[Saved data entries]
■ ■ ■ ■ ■ ■ ■
(* For every nonzero $Q(X,Y)\in M_{s,\ell}$, $\mathrm{wdeg}_{1,k-1}Q(X,Y)=\mathrm{wdeg}_{1,-1}\varphi(Q(X,Y))+sk$.
   Context: Let $\mathbb F_q$ be a finite field, $1\le k<n<q$, $\alpha_0,\dots,\alpha_{n-1}$ distinct nonzero elements of $\mathbb F_q$, $w_0,\dots,w_{n-1}$ nonzero elements of $\mathbb F_q$, and $r\in\mathbb F_q^n$ a word with $r_i=0$ for $i=0,\dots,k-1$; let $r_i'=r_i/w_i$. For positive integers $s\le\ell$, $M_{s,\ell}$ is the $\mathbb F_q[X]$-module of all $Q\in\mathbb F_q[X,Y]$ of $Y$-degree at most $\ell$ such that for each $i$, $Q(X+\alpha_i,Y+r_i')$ has no monomials of total degree less than $s$. Let $L(X)=\prod_{i=0}^{k-1}(X-\alpha_i)$ and $\varphi(Q)(X,Y)=L(X)^{-s}Q(X,L(X)Y)$ for $Q\in M_{s,\ell}$ (under the assumption on $r$, $\varphi(Q)\in\mathbb F_q[X,Y]$). For integers $u,v$, $\mathrm{wdeg}_{u,v}$ of a nonzero bivariate polynomial is the maximum of $ui+vj$ over its monomials $X^iY^j$. *)

theory Defs
  imports "HOL-Computational_Algebra.Polynomial" "HOL-Library.Cardinality"
begin

text \<open>Bivariate polynomials in F[X,Y] are represented as elements of type
  ('a poly) poly: the outer variable is Y, the inner one is X. So
  coeff (coeff Q j) i is the coefficient of the monomial X^i Y^j.\<close>

definition bcoeff :: "'a::zero poly poly \<Rightarrow> nat \<Rightarrow> nat \<Rightarrow> 'a" where
  "bcoeff Q i j = coeff (coeff Q j) i"

definition shiftXY :: "'a::comm_ring_1 \<Rightarrow> 'a \<Rightarrow> 'a poly poly \<Rightarrow> 'a poly poly" where
  "shiftXY a b Q = map_poly (\<lambda>p. pcompose p [:a, 1:]) (pcompose Q [:[:b:], 1:])"

definition no_low_monomials :: "nat \<Rightarrow> 'a::zero poly poly \<Rightarrow> bool" where
  "no_low_monomials s Q \<longleftrightarrow> (\<forall>i j. i + j < s \<longrightarrow> bcoeff Q i j = 0)"

definition M_sl :: "nat \<Rightarrow> nat \<Rightarrow> nat \<Rightarrow> (nat \<Rightarrow> 'a::field) \<Rightarrow> (nat \<Rightarrow> 'a) \<Rightarrow> (nat \<Rightarrow> 'a)
    \<Rightarrow> 'a poly poly set" where
  "M_sl s l n alpha w r =
     {Q. degree Q \<le> l \<and> (\<forall>i<n. no_low_monomials s (shiftXY (alpha i) (r i / w i) Q))}"

definition wdeg :: "int \<Rightarrow> int \<Rightarrow> 'a::zero poly poly \<Rightarrow> int" where
  "wdeg u v Q = Max {u * int i + v * int j | i j. bcoeff Q i j \<noteq> 0}"

definition Lpoly :: "nat \<Rightarrow> (nat \<Rightarrow> 'a::comm_ring_1) \<Rightarrow> 'a poly" where
  "Lpoly k alpha = (\<Prod>i<k. [:- alpha i, 1:])"

text \<open>phi(Q)(X,Y) = L(X)^{-s} Q(X, L(X) Y): the coefficient of Y^j is
  Q_j(X) L(X)^j / L(X)^s (an exact division under the standing assumptions).\<close>
definition phi :: "nat \<Rightarrow> nat \<Rightarrow> (nat \<Rightarrow> 'a::field) \<Rightarrow> 'a poly poly \<Rightarrow> 'a poly poly" where
  "phi k s alpha Q = Poly (map (\<lambda>j. (coeff Q j * Lpoly k alpha ^ j) div (Lpoly k alpha ^ s))
                               [0..<Suc (degree Q)])"

end

theory Submission
  imports Defs
begin

text \<open>For \<open>i < k\<close> the shifted word vanishes, so \<open>Q(X + \<alpha>\<^sub>i, Y)\<close> has no monomials of total
  degree below \<open>s\<close>; hence \<open>(X - \<alpha>\<^sub>i)\<^sup>s\<^sup>-\<^sup>j\<close> divides the coefficient \<open>Q\<^sub>j\<close> of \<open>Y\<^sup>j\<close>, and since the
  \<open>\<alpha>\<^sub>i\<close> are distinct, so does \<open>L\<^sup>s\<^sup>-\<^sup>j\<close>. Thus the division in \<open>\<phi>\<close> is exact, the coefficient of
  \<open>Y\<^sup>j\<close> in \<open>\<phi>(Q)\<close> is nonzero exactly when \<open>Q\<^sub>j\<close> is, and its degree is \<open>deg Q\<^sub>j + k(j - s)\<close>.
  Maximising \<open>deg Q\<^sub>j + (k - 1) j\<close> over the support therefore equals maximising
  \<open>deg \<phi>(Q)\<^sub>j - j\<close> up to the constant \<open>sk\<close>.\<close>

lemma pcompose_power: "pcompose (p ^ m) q = pcompose p q ^ m"
  by (induction m) (simp_all add: pcompose_mult pcompose_1)

lemma linear_power_dvdI:
  fixes p :: "'a::field poly"
  assumes "\<forall>i<m. coeff (pcompose p [:a, 1:]) i = 0"
  shows "[:-a, 1:] ^ m dvd p"
proof -
  have "monom 1 m dvd pcompose p [:a, 1:]"
    using assms monom_1_dvd_iff' by blast
  then obtain g where g: "pcompose p [:a, 1:] = monom 1 m * g"
    by (auto elim: dvdE)
  have shift_back: "pcompose [:a, 1:] [:-a, 1:] = [:0, 1:]"
    by (simp add: pcompose_pCons)
  have "p = pcompose (pcompose p [:a, 1:]) [:-a, 1:]"
    by (simp add: pcompose_assoc[symmetric] shift_back)
  also have "\<dots> = [:-a, 1:] ^ m * pcompose g [:-a, 1:]"
    by (simp add: g pcompose_mult monom_altdef pcompose_power pcompose_pCons)
  finally show ?thesis
    by (metis dvd_triv_left)
qed

lemma prod_linear_power_dvd:
  fixes p :: "'a::field poly"
  assumes "finite A" "inj_on alpha A" "\<forall>i\<in>A. [:-alpha i, 1:] ^ m dvd p"
  shows "(\<Prod>i\<in>A. [:-alpha i, 1:]) ^ m dvd p"
proof (cases "p = 0")
  case False
  have "(\<Prod>i\<in>A. [:-alpha i, 1:] ^ m) dvd p"
    using assms
  proof (induction A rule: finite_induct)
    case empty
    then show ?case by simp
  next
    case (insert a A)
    let ?P = "\<Prod>i\<in>A. [:-alpha i, 1:] ^ m"
    have "?P dvd p"
      using insert by (auto intro: inj_on_subset)
    then obtain q where q: "p = ?P * q"
      by (auto elim: dvdE)
    have "poly ?P (alpha a) \<noteq> 0"
      using insert.prems(1) insert.hyps by (auto simp: poly_prod)
    then have "order (alpha a) ?P = 0"
      by (simp add: order_root)
    moreover have "m \<le> order (alpha a) p"
      using insert.prems(2) False order_divides by blast
    ultimately have "m \<le> order (alpha a) q"
      using order_mult[of ?P q "alpha a"] q False by simp
    then have "[:-alpha a, 1:] ^ m dvd q"
      using order_divides by blast
    then show ?case
      using q insert.hyps by (simp add: mult_dvd_mono)
  qed
  then show ?thesis
    by (simp add: prod_power_distrib)
qed simp

lemma Lpoly_power_dvd_coeff:
  fixes alpha w r :: "nat \<Rightarrow> 'a::field"
  assumes "Q \<in> M_sl s l n alpha w r" "k \<le> n" "inj_on alpha {..<k}" "\<forall>i<k. r i = 0"
  shows "Lpoly k alpha ^ (s - j) dvd coeff Q j"
  unfolding Lpoly_def
proof (intro prod_linear_power_dvd[OF _ assms(3)] ballI)
  fix i assume "i \<in> {..<k}"
  then have "i < n" "r i = 0"
    using assms(2,4) by auto
  have "no_low_monomials s (shiftXY (alpha i) (r i / w i) Q)"
    using assms(1) \<open>i < n\<close> by (simp add: M_sl_def)
  then have "no_low_monomials s (shiftXY (alpha i) 0 Q)"
    using \<open>r i = 0\<close> by simp
  then show "[:-alpha i, 1:] ^ (s - j) dvd coeff Q j"
    by (intro linear_power_dvdI)
       (auto simp: no_low_monomials_def bcoeff_def shiftXY_def coeff_map_poly)
qed simp

lemma coeff_phi:
  "coeff (phi k s alpha Q) j = coeff Q j * Lpoly k alpha ^ j div Lpoly k alpha ^ s"
  by (cases "j \<le> degree Q")
     (simp_all add: phi_def nth_default_def coeff_eq_0 del: upt_Suc)

lemma coeff_phi_nonzero_degree:
  fixes alpha :: "nat \<Rightarrow> 'a::field"
  assumes "Lpoly k alpha ^ s dvd coeff Q j * Lpoly k alpha ^ j"
  shows "coeff (phi k s alpha Q) j \<noteq> 0 \<longleftrightarrow> coeff Q j \<noteq> 0"
    and "coeff Q j \<noteq> 0 \<Longrightarrow>
      int (degree (coeff (phi k s alpha Q) j)) = int (degree (coeff Q j)) + int k * int j - int s * int k"
proof -
  let ?L = "Lpoly k alpha"
  have "?L \<noteq> 0"
    by (simp add: Lpoly_def)
  have deg_L: "degree ?L = k"
    by (simp add: Lpoly_def degree_prod_eq_sum_degree)
  have exact: "coeff Q j * ?L ^ j = ?L ^ s * coeff (phi k s alpha Q) j"
    using assms by (simp add: coeff_phi)
  then show nonzero: "coeff (phi k s alpha Q) j \<noteq> 0 \<longleftrightarrow> coeff Q j \<noteq> 0"
    using \<open>?L \<noteq> 0\<close> by (metis mult_eq_0_iff power_eq_0_iff)
  assume "coeff Q j \<noteq> 0"
  then have "degree (coeff Q j) + k * j = k * s + degree (coeff (phi k s alpha Q) j)"
    using arg_cong[OF exact, of degree] nonzero \<open>?L \<noteq> 0\<close>
    by (simp add: degree_mult_eq degree_power_eq deg_L mult.commute)
  then show "int (degree (coeff (phi k s alpha Q) j)) = int (degree (coeff Q j)) + int k * int j - int s * int k"
    by (simp add: algebra_simps flip: of_nat_mult of_nat_add)
qed

lemma finite_nonzero_coeffs: "finite {j. coeff p j \<noteq> 0}"
  by (rule finite_subset[of _ "{..degree p}"]) (auto intro: le_degree)

lemma wdeg_1_eq_Max_degree_coeff:
  fixes Q :: "'a::zero poly poly"
  shows "wdeg 1 v Q = Max ((\<lambda>j. int (degree (coeff Q j)) + v * int j) ` {j. coeff Q j \<noteq> 0})"
proof -
  let ?S = "{1 * int i + v * int j | i j. bcoeff Q i j \<noteq> 0}"
  let ?D = "(\<lambda>j. int (degree (coeff Q j)) + v * int j) ` {j. coeff Q j \<noteq> 0}"
  have support: "\<exists>i j. x = int i + v * int j \<and> coeff Q j \<noteq> 0 \<and> i \<le> degree (coeff Q j)"
    if "x \<in> ?S" for x
  proof -
    obtain i j where "x = int i + v * int j" and nz: "coeff (coeff Q j) i \<noteq> 0"
      using \<open>x \<in> ?S\<close> by (auto simp: bcoeff_def)
    moreover have "coeff Q j \<noteq> 0"
      using nz by auto
    moreover have "i \<le> degree (coeff Q j)"
      using nz by (rule le_degree)
    ultimately show ?thesis
      by blast
  qed
  have "?S \<subseteq> (\<lambda>(i, j). int i + v * int j) ` (\<Union>j\<le>degree Q. {..degree (coeff Q j)} \<times> {j})"
  proof
    fix x assume "x \<in> ?S"
    then obtain i j where "x = int i + v * int j" "coeff Q j \<noteq> 0" "i \<le> degree (coeff Q j)"
      using support by blast
    moreover from \<open>coeff Q j \<noteq> 0\<close> have "j \<le> degree Q"
      by (rule le_degree)
    ultimately show "x \<in> (\<lambda>(i, j). int i + v * int j) ` (\<Union>j\<le>degree Q. {..degree (coeff Q j)} \<times> {j})"
      by force
  qed
  then have "finite ?S"
    by (rule finite_subset) auto
  moreover have "\<forall>x\<in>?S. \<exists>b\<in>?D. x \<le> b"
    using support by fastforce
  moreover have "\<forall>b\<in>?D. \<exists>x\<in>?S. b \<le> x"
  proof
    fix b assume "b \<in> ?D"
    then obtain j where "b = int (degree (coeff Q j)) + v * int j" "coeff Q j \<noteq> 0"
      by blast
    then have "b \<in> ?S"
      by (force simp: bcoeff_def)
    then show "\<exists>x\<in>?S. b \<le> x"
      by blast
  qed
  ultimately show ?thesis
    unfolding wdeg_def by (intro Max_eq_if finite_imageI finite_nonzero_coeffs)
qed

lemma wdeg_1_shift:
  fixes P Q :: "'a::zero poly poly"
  assumes "Q \<noteq> 0"
    and "\<And>j. coeff P j \<noteq> 0 \<longleftrightarrow> coeff Q j \<noteq> 0"
    and "\<And>j. coeff Q j \<noteq> 0 \<Longrightarrow> int (degree (coeff P j)) = int (degree (coeff Q j)) + d * int j - c"
  shows "wdeg 1 v P = wdeg 1 (v + d) Q - c"
proof -
  let ?J = "{j. coeff Q j \<noteq> 0}"
  let ?f = "\<lambda>j. int (degree (coeff Q j)) + (v + d) * int j"
  have "?J \<noteq> {}"
    using assms(1) leading_coeff_0_iff by blast
  have "wdeg 1 v P = Max ((\<lambda>x. x - c) ` ?f ` ?J)"
    unfolding wdeg_1_eq_Max_degree_coeff assms(2) image_image
    by (intro arg_cong[where f = Max] image_cong) (simp_all add: assms(3) algebra_simps)
  also have "\<dots> = Max (?f ` ?J) - c"
    using \<open>?J \<noteq> {}\<close>
    by (intro mono_Max_commute[symmetric] finite_imageI finite_nonzero_coeffs) (simp_all add: mono_def)
  finally show ?thesis
    unfolding wdeg_1_eq_Max_degree_coeff .
qed

theorem lemma12:
  fixes alpha w r :: "nat \<Rightarrow> 'a::{finite,field}"
    and n k s l :: nat
    and Q :: "'a poly poly"
  assumes "1 \<le> k" "k < n" "n < CARD('a)"
    and "inj_on alpha {..<n}" "\<forall>i<n. alpha i \<noteq> 0"
    and "\<forall>i<n. w i \<noteq> 0"
    and "\<forall>i<k. r i = 0"
    and "0 < s" "s \<le> l"
    and "Q \<in> M_sl s l n alpha w r" "Q \<noteq> 0"
  shows "wdeg 1 (int k - 1) Q = wdeg 1 (-1) (phi k s alpha Q) + int s * int k"
proof -
  let ?L = "Lpoly k alpha"
  have "inj_on alpha {..<k}"
    using assms(2,4) by (auto intro: inj_on_subset)
  then have "?L ^ (s - j) dvd coeff Q j" for j
    using Lpoly_power_dvd_coeff[OF assms(10) less_imp_le[OF assms(2)] _ assms(7)] by blast
  moreover have "?L ^ s dvd ?L ^ (s - j) * ?L ^ j" for j
    by (simp add: le_imp_power_dvd flip: power_add)
  ultimately have "?L ^ s dvd coeff Q j * ?L ^ j" for j
    by (meson dvd_trans mult_dvd_mono dvd_refl)
  then have "wdeg 1 (-1) (phi k s alpha Q) = wdeg 1 (-1 + int k) Q - int s * int k"
    by (intro wdeg_1_shift assms(11) coeff_phi_nonzero_degree)
  then show ?thesis
    by simp
qed

end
■ ■ ■ ■ ■ ■ ■
Required action | In the records above, find each line that mentions the word "rule", and copy it.

Response area |
  proof (induction A rule: finite_induct)
  by (rule finite_subset[of _ "{..degree p}"]) (auto intro: le_degree)
      using nz by (rule le_degree)
      by (rule le_degree)
    by (rule finite_subset) auto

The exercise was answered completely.